_TASK_
Pick out each line with the word "assumes" from the material that follows.

_RECORDS SHOWN_

lemma tendsto_average_coordinate_path:
  assumes "\<And>t. t \<ge> 0 \<Longrightarrow> \<xi> integrable_on {0..t}"
    and "((\<lambda>t. (1 / t) *\<^sub>R integral {0..t} \<xi>) \<longlongrightarrow> Q) at_top"
  shows "((\<lambda>t. integral {0..t} (coordinate_path \<xi> i) / t) \<longlongrightarrow> Q $ i) at_top"
proof -
  have "((\<lambda>t. ((1 / t) *\<^sub>R integral {0..t} \<xi>) $ i) \<longlongrightarrow> Q $ i) at_top"
    using assms(2) by (rule tendsto_vec_nth)
  moreover have "\<forall>\<^sub>F t in at_top. ((1 / t) *\<^sub>R integral {0..t} \<xi>) $ i = integral {0..t} (coordinate_path \<xi> i) / t"
    using eventually_ge_at_top[of 0] by eventually_elim (simp add: integral_coordinate_path assms(1))
  ultimately show ?thesis
    by (rule Lim_transform_eventually)
qed

lemma eventually_integral_abs_coordinate_path_le:
  assumes cont: "continuous_on {0..} \<xi>"
    and int: "\<And>t. t \<ge> 0 \<Longrightarrow> (\<lambda>s. norm (\<xi> s)) integrable_on {0..t}"
    and limsup: "Limsup at_top (\<lambda>t. ereal (integral {0..t} (\<lambda>s. norm (\<xi> s)) / t)) < ereal C"
  shows "eventually (\<lambda>t. integral {0..t} (\<lambda>s. \<bar>coordinate_path \<xi> i s\<bar>) \<le> C * t) at_top"
  using Limsup_lessD[OF limsup] eventually_gt_at_top[of 0]
proof eventually_elim
  case (elim t)
  have "integral {0..t} (\<lambda>s. \<bar>coordinate_path \<xi> i s\<bar>) \<le> integral {0..t} (\<lambda>s. norm (\<xi> s))"
  proof (rule integral_le)
    have "continuous_on {0..t} (coordinate_path \<xi> i)"
      using continuous_on_coordinate_path[OF cont] by (rule continuous_on_subset) simp
    then show "(\<lambda>s. \<bar>coordinate_path \<xi> i s\<bar>) integrable_on {0..t}"
      by (intro integrable_continuous_interval continuous_intros)
    show "(\<lambda>s. norm (\<xi> s)) integrable_on {0..t}"
      using int elim by simp
    show "\<bar>coordinate_path \<xi> i s\<bar> \<le> norm (\<xi> s)" if "s \<in> {0..t}" for s
      using that component_le_norm_cart[of "\<xi> s" i] by (simp add: coordinate_path_def)
  qed
  also have "\<dots> \<le> C * t"
    using elim by (simp add: divide_less_eq)
  finally show ?case .
qed

lemma Sigma_eq_iterated_integral:
  assumes "continuous_on {0..} \<xi>" and "t \<ge> 0"
  shows "Sigma \<xi> is t = iterated_integral (\<lambda>j. coordinate_path \<xi> (is ! j)) (length is) t"
proof -
  have "Sigma \<xi> is t = (LINT s : ord_simplex (length is) t | PiM {..<length is} (\<lambda>_. lborel).
      \<Prod>j<length is. coordinate_path \<xi> (is ! j) (s j))"
    unfolding Sigma_def
    by (intro set_lebesgue_integral_cong sets_ord_simplex allI impI prod.cong refl)
      (auto simp: ord_simplex_def coordinate_path_def)
  also have "\<dots> = iterated_integral (\<lambda>j. coordinate_path \<xi> (is ! j)) (length is) t"
    using continuous_on_coordinate_path[OF assms(1)] assms(2) by (rule set_integral_ord_simplex)
  finally show ?thesis .
qed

_TASK RESPONSE_
  assumes "\<And>t. t \<ge> 0 \<Longrightarrow> \<xi> integrable_on {0..t}"
  assumes cont: "continuous_on {0..} \<xi>"
  assumes "continuous_on {0..} \<xi>" and "t \<ge> 0"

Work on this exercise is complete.